The Forgetting Trail
Filed under: Mirecourt Flora | Stealth Botanicals | Emotional Parasites
Contributor: FDG Field Botanist No. 6
Last updated: May 2025

Overview
Twisting just beneath the surface of the Mirecourt’s loneliest bog paths grows a rare and bitter plant known as Lanethrush Root. Named for the soft lanethrushing sound made as its thorns are pulled from wet ground, this pale-rooted herb is prized by scouts and feared by romantics.
Lanethrush Root doesn’t simply conceal footsteps.
It conceals significance—blurring the emotional bonds that hold someone visible in memory.
Appearance
- Structure: Thick, gnarled root structure, often exposed in marsh erosion or rotted treefall.
- Thorns: Dark brown to black, hooked and brittle, sometimes still bearing tatters of fabric from previous handlers.
- Sap: Pale blue, almost milk-glass in colour, and faintly glowing under moonlight or in the presence of mourning.
- Smell: Sweetly metallic—some describe it as “like pennywater or wet blood oranges.”
The plant is rarely seen flowering, but its blossoms (when found) are described as:
- translucent grey
- warm to the touch
- shrivelling immediately upon being named
Fae Realm Use
In Mirecourt, Lanethrush Root is harvested and crushed into a mud-black paste used by:
- scouts, who apply it to their boots to leave no trace
- emissaries, who smear it on their wrists before entering human settlements
- the Mud-Queen’s messengers, who must cross places where they’ve already been forgotten
Those who use it are said to be:
- unseen by former lovers
- unheard by those who called them friend
- lost to those who once remembered
It’s not invisibility—it’s emotional displacement.
Effect on Earth
Human exposure to Lanethrush Root causes temporary emotional vanishing, but only within existing personal connections:
- Immediate Effects (Topical or Inhaled):
- Becomes unnoticeable to anyone who loves, remembers, or mourns them
- Strangers, enemies, or indifferent acquaintances still perceive them normally
- Effect lasts between 11 and 40 minutes, depending on dosage
- Aftereffect:
Upon reappearance, the user often experiences:- profound, inexplicable loneliness
- the sense of having walked through a world where no one missed them
- phantom voices calling their name from great distances
- sometimes brief episodes of derealisation
One operative described it as “being the ghost at your own wake.”
Folklore and Field Signs
- The Cold Glow Beneath the Muck:
If the marsh path glows slightly blue on a moonless night, you may be stepping over Lanethrush Root—or over someone recently vanished. - Lover’s Curse:
In older tales, betrayed lovers would brew root tea and drink it at night so their former beloved would walk past them without ever seeing them again. Most died within a month—from cold, grief, or silence. - Scout’s Folly:
A well-known FDG training tale warns that overuse of Lanethrush leads to erasure from personal records—photos blurred, letters rewritten. No known cases have confirmed this. Yet.
Harvesting and Handling
- Roots must be pulled with hooked bone tools, as metal seems to dull the sap’s glow.
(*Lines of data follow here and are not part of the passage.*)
(* If a pair $(\mathfrak m,\mathfrak m^* )$ of functions $E\to\mathbb C$ on the edges of the lattice strip is imaginary complexified s-holomorphic (ICSH), then the Clifford-generator-valued discrete 1-form $\mathfrak m(z)\psi(z)\,dz+\mathfrak m^*(z)\psi^*(z)\,d\bar z$ is closed.
   Context: Fix integers $a<0<b$, $C=\{a,\dots,b\}$, $C^*=\{a+\frac12,\dots,b-\frac12\}$. $\tilde V$ has orthonormal basis $(e_\rho)_{\rho\in\{\pm1\}^C}$. For $x'\in C^*$, $\varsigma_{x'}(\rho)$ is $\rho$ with the signs of $\rho_x$, $x<x'$, flipped; $\psi_{x'}e_\rho=\frac{-\rho_{x'-1/2}+i\rho_{x'+1/2}}{\sqrt2}e_{\varsigma_{x'}(\rho)}$, $\psi^*_{x'}e_\rho=\frac{-i\rho_{x'-1/2}+\rho_{x'+1/2}}{\sqrt2}e_{\varsigma_{x'}(\rho)}$; $\mathrm{CliffGen}$ is their complex span. With $\beta=\frac12\log(\sqrt2+1)$: $T_h^{1/2}$ diagonal with entries $\exp(\frac\beta2\sum_{x=a}^{b-1}\rho_x\rho_{x+1})$, $e_\tau^\dagger T_ve_\rho=\exp(\beta\sum_{x=a}^b\rho_x\tau_x)\delta_{\tau_a\rho_a}\delta_{\tau_b\rho_b}$, $T=T_h^{1/2}T_vT_h^{1/2}$ (invertible). The lattice strip has vertices $C\times\mathbb Z\subset\mathbb C$, nearest-neighbour edges $E$ identified with their midpoints (horizontal $x'+iy$, vertical $x+iy'$, $y'\in\mathbb Z+\frac12$), faces with centres $p$; vertical edges with $x=a$ ($x=b$) are left (right) boundary edges. The fermions $\psi,\psi^*:E\to\mathrm{CliffGen}$ are the unique functions with $\psi(x'+iy)=T^{-y}\psi_{x'}T^y$, $\psi^*(x'+iy)=T^{-y}\psi^*_{x'}T^y$ on horizontal edges such that for any edges $z_1,z_2$ adjacent to a common vertex $v$ and face $p$, $\psi(z_1)+\frac{i|v-p|}{v-p}\psi^*(z_1)=\psi(z_2)+\frac{i|v-p|}{v-p}\psi^*(z_2)$, and $\psi(L)+i\psi^*(L)=0$, $\psi(R)-i\psi^*(R)=0$ on left/right boundary edges $L,R$. For a discrete contour $\gamma=(w_0,\dots,w_m)$ of vertices with $z_j$ the edge joining $w_{j-1},w_j$, define $\int_\gamma(\mathfrak m\psi\,dz+\mathfrak m^*\psi^*\,d\bar z)=\sum_{j=1}^m\big(\mathfrak m(z_j)\psi(z_j)(w_j-w_{j-1})+\mathfrak m^*(z_j)\psi^*(z_j)\overline{(w_j-w_{j-1})}\big)$. The form is closed if this integral vanishes for every counterclockwise plaquette contour $(w_0,w_1,w_2,w_3,w_4=w_0)$ around a face. The pair $(\mathfrak m,\mathfrak m^* )$ is ICSH if for any edges $z_1,z_2$ adjacent to a common vertex $v$ and face $p$: $\mathfrak m(z_1)-\frac{i|v-p|}{v-p}\mathfrak m^*(z_1)=\mathfrak m(z_2)-\frac{i|v-p|}{v-p}\mathfrak m^*(z_2)$. *)

theory Defs
  imports Complex_Main
begin

text \<open>A spin configuration \<rho> \<in> {+1,-1}^C, C = {a..b}, is represented as a function
  int \<Rightarrow> int with values \<plusminus>1 on C and the value 1 outside C (canonical representative).
  An operator on the space with orthonormal basis (e_\<rho>) is represented by its matrix:
  A \<tau> \<rho> = e_\<tau>^dagger A e_\<rho>; entries vanish outside the configuration set.\<close>

type_synonym spin = "int \<Rightarrow> int"
type_synonym op = "spin \<Rightarrow> spin \<Rightarrow> complex"

definition Conf :: "int \<Rightarrow> int \<Rightarrow> spin set" where
  "Conf a b = {\<rho>. (\<forall>x. a \<le> x \<and> x \<le> b \<longrightarrow> \<rho> x = 1 \<or> \<rho> x = -1)
                 \<and> (\<forall>x. \<not> (a \<le> x \<and> x \<le> b) \<longrightarrow> \<rho> x = 1)}"

definition is_op :: "int \<Rightarrow> int \<Rightarrow> op \<Rightarrow> bool" where
  "is_op a b A \<longleftrightarrow> (\<forall>\<tau> \<rho>. \<tau> \<notin> Conf a b \<or> \<rho> \<notin> Conf a b \<longrightarrow> A \<tau> \<rho> = 0)"

definition op_zero :: op where "op_zero = (\<lambda>\<tau> \<rho>. 0)"

definition op_add :: "op \<Rightarrow> op \<Rightarrow> op" where
  "op_add A B = (\<lambda>\<tau> \<rho>. A \<tau> \<rho> + B \<tau> \<rho>)"

definition op_scale :: "complex \<Rightarrow> op \<Rightarrow> op" where
  "op_scale c A = (\<lambda>\<tau> \<rho>. c * A \<tau> \<rho>)"

definition op_mult :: "int \<Rightarrow> int \<Rightarrow> op \<Rightarrow> op \<Rightarrow> op" where
  "op_mult a b A B = (\<lambda>\<tau> \<rho>. \<Sum>\<sigma>\<in>Conf a b. A \<tau> \<sigma> * B \<sigma> \<rho>)"

definition op_id :: "int \<Rightarrow> int \<Rightarrow> op" where
  "op_id a b = (\<lambda>\<tau> \<rho>. if \<tau> = \<rho> \<and> \<rho> \<in> Conf a b then 1 else 0)"

fun op_pow :: "int \<Rightarrow> int \<Rightarrow> op \<Rightarrow> nat \<Rightarrow> op" where
  "op_pow a b A 0 = op_id a b"
| "op_pow a b A (Suc n) = op_mult a b A (op_pow a b A n)"

definition op_inv :: "int \<Rightarrow> int \<Rightarrow> op \<Rightarrow> op" where
  "op_inv a b A = (THE B. is_op a b B \<and> op_mult a b A B = op_id a b \<and> op_mult a b B A = op_id a b)"

definition op_zpow :: "int \<Rightarrow> int \<Rightarrow> op \<Rightarrow> int \<Rightarrow> op" where
  "op_zpow a b A y = (if 0 \<le> y then op_pow a b A (nat y) else op_pow a b (op_inv a b A) (nat (- y)))"

text \<open>The half-integer x' = k + 1/2 \<in> C* (a \<le> k < b) is indexed by the integer k.
  flip a k \<rho> = \<varsigma>_{x'}(\<rho>): the signs of \<rho>_x for x < x' (i.e. a \<le> x \<le> k) are flipped.\<close>

definition flip :: "int \<Rightarrow> int \<Rightarrow> spin \<Rightarrow> spin" where
  "flip a k \<rho> = (\<lambda>x. if a \<le> x \<and> x \<le> k then - \<rho> x else \<rho> x)"

definition psi_gen :: "int \<Rightarrow> int \<Rightarrow> int \<Rightarrow> op" where
  "psi_gen a b k = (\<lambda>\<tau> \<rho>. if \<rho> \<in> Conf a b \<and> \<tau> = flip a k \<rho>
      then (- of_int (\<rho> k) + \<i> * of_int (\<rho> (k + 1))) / complex_of_real (sqrt 2) else 0)"

definition psis_gen :: "int \<Rightarrow> int \<Rightarrow> int \<Rightarrow> op" where
  "psis_gen a b k = (\<lambda>\<tau> \<rho>. if \<rho> \<in> Conf a b \<and> \<tau> = flip a k \<rho>
      then (- \<i> * of_int (\<rho> k) + of_int (\<rho> (k + 1))) / complex_of_real (sqrt 2) else 0)"

definition CliffGen :: "int \<Rightarrow> int \<Rightarrow> op set" where
  "CliffGen a b = {A. \<exists>\<alpha> \<beta> :: int \<Rightarrow> complex.
      A = (\<lambda>\<tau> \<rho>. \<Sum>k\<in>{a..<b}. \<alpha> k * psi_gen a b k \<tau> \<rho> + \<beta> k * psis_gen a b k \<tau> \<rho>)}"

definition beta_c :: real where "beta_c = ln (sqrt 2 + 1) / 2"

definition Th_half :: "int \<Rightarrow> int \<Rightarrow> op" where
  "Th_half a b = (\<lambda>\<tau> \<rho>. if \<tau> = \<rho> \<and> \<rho> \<in> Conf a b
      then complex_of_real (exp (beta_c / 2 * (\<Sum>x\<in>{a..<b}. of_int (\<rho> x * \<rho> (x + 1))))) else 0)"

definition Tv :: "int \<Rightarrow> int \<Rightarrow> op" where
  "Tv a b = (\<lambda>\<tau> \<rho>. if \<tau> \<in> Conf a b \<and> \<rho> \<in> Conf a b \<and> \<tau> a = \<rho> a \<and> \<tau> b = \<rho> b
      then complex_of_real (exp (beta_c * (\<Sum>x\<in>{a..b}. of_int (\<rho> x * \<tau> x)))) else 0)"

definition Tmat :: "int \<Rightarrow> int \<Rightarrow> op" where
  "Tmat a b = op_mult a b (op_mult a b (Th_half a b) (Tv a b)) (Th_half a b)"

definition vertex :: "int \<Rightarrow> int \<Rightarrow> complex \<Rightarrow> bool" where
  "vertex a b v \<longleftrightarrow> (\<exists>x y::int. a \<le> x \<and> x \<le> b \<and> v = Complex (of_int x) (of_int y))"

definition hedge :: "int \<Rightarrow> int \<Rightarrow> complex \<Rightarrow> bool" where
  "hedge a b z \<longleftrightarrow> (\<exists>k y::int. a \<le> k \<and> k < b \<and> z = Complex (of_int k + 1/2) (of_int y))"

definition vedge :: "int \<Rightarrow> int \<Rightarrow> complex \<Rightarrow> bool" where
  "vedge a b z \<longleftrightarrow> (\<exists>x y::int. a \<le> x \<and> x \<le> b \<and> z = Complex (of_int x) (of_int y + 1/2))"

definition edge :: "int \<Rightarrow> int \<Rightarrow> complex \<Rightarrow> bool" where
  "edge a b z \<longleftrightarrow> hedge a b z \<or> vedge a b z"

definition face :: "int \<Rightarrow> int \<Rightarrow> complex \<Rightarrow> bool" where
  "face a b p \<longleftrightarrow> (\<exists>k y::int. a \<le> k \<and> k < b \<and> p = Complex (of_int k + 1/2) (of_int y + 1/2))"

text \<open>Edges z1, z2 both adjacent to a common vertex v and a common face p
  (an edge is adjacent to a vertex / face iff its midpoint is at distance 1/2).\<close>
definition corner_pair :: "int \<Rightarrow> int \<Rightarrow> complex \<Rightarrow> complex \<Rightarrow> complex \<Rightarrow> complex \<Rightarrow> bool" where
  "corner_pair a b z1 z2 v p \<longleftrightarrow> edge a b z1 \<and> edge a b z2 \<and> vertex a b v \<and> face a b p
     \<and> cmod (z1 - v) = 1/2 \<and> cmod (z2 - v) = 1/2 \<and> cmod (z1 - p) = 1/2 \<and> cmod (z2 - p) = 1/2"

definition fermion_conds :: "int \<Rightarrow> int \<Rightarrow> (complex \<Rightarrow> op) \<Rightarrow> (complex \<Rightarrow> op) \<Rightarrow> bool" where
  "fermion_conds a b \<psi> \<psi>s \<longleftrightarrow>
     (\<forall>z. \<not> edge a b z \<longrightarrow> \<psi> z = op_zero \<and> \<psi>s z = op_zero)
   \<and> (\<forall>z. edge a b z \<longrightarrow> \<psi> z \<in> CliffGen a b \<and> \<psi>s z \<in> CliffGen a b)
   \<and> (\<forall>k y::int. a \<le> k \<and> k < b \<longrightarrow>
        \<psi> (Complex (of_int k + 1/2) (of_int y)) =
          op_mult a b (op_zpow a b (Tmat a b) (- y)) (op_mult a b (psi_gen a b k) (op_zpow a b (Tmat a b) y))
      \<and> \<psi>s (Complex (of_int k + 1/2) (of_int y)) =
          op_mult a b (op_zpow a b (Tmat a b) (- y)) (op_mult a b (psis_gen a b k) (op_zpow a b (Tmat a b) y)))
   \<and> (\<forall>z1 z2 v p. corner_pair a b z1 z2 v p \<longrightarrow>
        op_add (\<psi> z1) (op_scale (\<i> * of_real (cmod (v - p)) / (v - p)) (\<psi>s z1)) =
        op_add (\<psi> z2) (op_scale (\<i> * of_real (cmod (v - p)) / (v - p)) (\<psi>s z2)))
   \<and> (\<forall>y::int. op_add (\<psi> (Complex (of_int a) (of_int y + 1/2)))
                      (op_scale \<i> (\<psi>s (Complex (of_int a) (of_int y + 1/2)))) = op_zero)
   \<and> (\<forall>y::int. op_add (\<psi> (Complex (of_int b) (of_int y + 1/2)))
                      (op_scale (- \<i>) (\<psi>s (Complex (of_int b) (of_int y + 1/2)))) = op_zero)"

text \<open>The fermions (\<psi>, \<psi>*) : E \<rightarrow> CliffGen, extended by 0 off E so that they are unique as HOL functions.\<close>
definition fermions :: "int \<Rightarrow> int \<Rightarrow> (complex \<Rightarrow> op) \<times> (complex \<Rightarrow> op)" where
  "fermions a b = (THE fg. fermion_conds a b (fst fg) (snd fg))"

definition ICSH :: "int \<Rightarrow> int \<Rightarrow> (complex \<Rightarrow> complex) \<Rightarrow> (complex \<Rightarrow> complex) \<Rightarrow> bool" where
  "ICSH a b m ms \<longleftrightarrow> (\<forall>z1 z2 v p. corner_pair a b z1 z2 v p \<longrightarrow>
      m z1 - \<i> * of_real (cmod (v - p)) / (v - p) * ms z1 =
      m z2 - \<i> * of_real (cmod (v - p)) / (v - p) * ms z2)"

text \<open>Counterclockwise plaquette contour around face centre p, starting at corner number r:
  w_j = p - (1+i)/2 * i^(j+r), j = 0..4 (w_4 = w_0); z_j is the midpoint of w_{j-1}, w_j.\<close>
definition plaq_w :: "complex \<Rightarrow> nat \<Rightarrow> nat \<Rightarrow> complex" where
  "plaq_w p r j = p - (1 + \<i>) / 2 * \<i> ^ (j + r)"

definition plaq_z :: "complex \<Rightarrow> nat \<Rightarrow> nat \<Rightarrow> complex" where
  "plaq_z p r j = (plaq_w p r (j - 1) + plaq_w p r j) / 2"

definition plaquette_integral ::
  "(complex \<Rightarrow> complex) \<Rightarrow> (complex \<Rightarrow> complex) \<Rightarrow> (complex \<Rightarrow> op) \<Rightarrow> (complex \<Rightarrow> op) \<Rightarrow> complex \<Rightarrow> nat \<Rightarrow> op" where
  "plaquette_integral m ms \<psi> \<psi>s p r = (\<lambda>\<tau> \<rho>. \<Sum>j\<in>{1..4::nat}.
      m (plaq_z p r j) * \<psi> (plaq_z p r j) \<tau> \<rho> * (plaq_w p r j - plaq_w p r (j - 1))
    + ms (plaq_z p r j) * \<psi>s (plaq_z p r j) \<tau> \<rho> * cnj (plaq_w p r j - plaq_w p r (j - 1)))"

definition closed_form :: "int \<Rightarrow> int \<Rightarrow> (complex \<Rightarrow> complex) \<Rightarrow> (complex \<Rightarrow> complex) \<Rightarrow> (complex \<Rightarrow> op) \<Rightarrow> (complex \<Rightarrow> op) \<Rightarrow> bool" where
  "closed_form a b m ms \<psi> \<psi>s \<longleftrightarrow>
     (\<forall>p r. face a b p \<and> r < 4 \<longrightarrow> plaquette_integral m ms \<psi> \<psi>s p r = op_zero)"

end

theory Submission
  imports Defs
begin

text \<open>The fermions are constructed explicitly. Conjugation by \<open>T = T\<^sub>h\<^sup>1\<^sup>/\<^sup>2 T\<^sub>v T\<^sub>h\<^sup>1\<^sup>/\<^sup>2\<close> preserves the
  span of the operators \<open>e\<^sub>\<rho> \<mapsto> \<rho>\<^sub>k e\<^bsub>\<sigma>\<^sub>k\<rho>\<^esub>\<close> and \<open>e\<^sub>\<rho> \<mapsto> \<rho>\<^sub>k\<^sub>+\<^sub>1 e\<^bsub>\<sigma>\<^sub>k\<rho>\<^esub>\<close>
  (\<open>\<sigma>\<^sub>k\<close> flipping the spins left of \<open>k + 1/2\<close>), and acts on the coefficients by an explicit
  linear map, so the fermions on horizontal edges are explicit. On a vertical edge the two corner
  relations with the bottom and top edge of an adjacent face determine the fermion, because
  the two corners carry different values of \<open>i|v - p|/(v - p)\<close>; at \<open>\<beta>\<^sub>c\<close> the resulting
  values also satisfy the other corner relations and the boundary conditions. This gives
  existence and uniqueness. Closedness is local: on a plaquette the four corner relations of
  \<open>(\<psi>, \<psi>\<^sup>*)\<close> and the four ICSH relations of \<open>(m, m\<^sup>*)\<close> eliminate the vertical values, and
  the contour sum cancels identically.\<close>

section \<open>Spin configurations and operators\<close>

lemma sum_eq_sum_plus_diff:
  fixes f g :: "'c \<Rightarrow> 'd::ab_group_add"
  assumes "finite S" "k \<in> S" "\<And>x. x \<in> S \<Longrightarrow> x \<noteq> k \<Longrightarrow> g x = f x"
  shows "sum g S = sum f S + (g k - f k)"
proof -
  have "sum g (S - {k}) = sum f (S - {k})" using assms by (intro sum.cong) auto
  then show ?thesis using assms by (simp add: sum.remove algebra_simps)
qed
- Gloves lined with salt or waxed linen are advised.
- Never speak the name of someone you love while carrying the root—doing so may sever the bond for the duration of its effect.
Storage:
- Keep wrapped in dead moss
- Store near mirrors
- Never refrigerate
Summary for Field Operatives
| Trait | Detail |
|---|---|
| Threat Level | Low, but psychologically destabilising. |
| Signs of Presence | Pale glow in marsh soil, sudden silence from companions, fading footprints |
| Containment Risk | Moderate. Root spoils when named aloud. Effects linger emotionally. |
| Engagement Advice | Do not apply without clearance. If affected, remain near strangers and record your own name every 30 minutes. Seek reconnection rituals immediately. Avoid mirrors.** |
Quote from Field Report #241:
“I saw my brother on the path. He was walking toward me—coat torn, eyes lost. But when I called out, he stepped around me like I was wind.
I didn’t realise I’d stepped through his footprint until later. I haven’t seen him since.”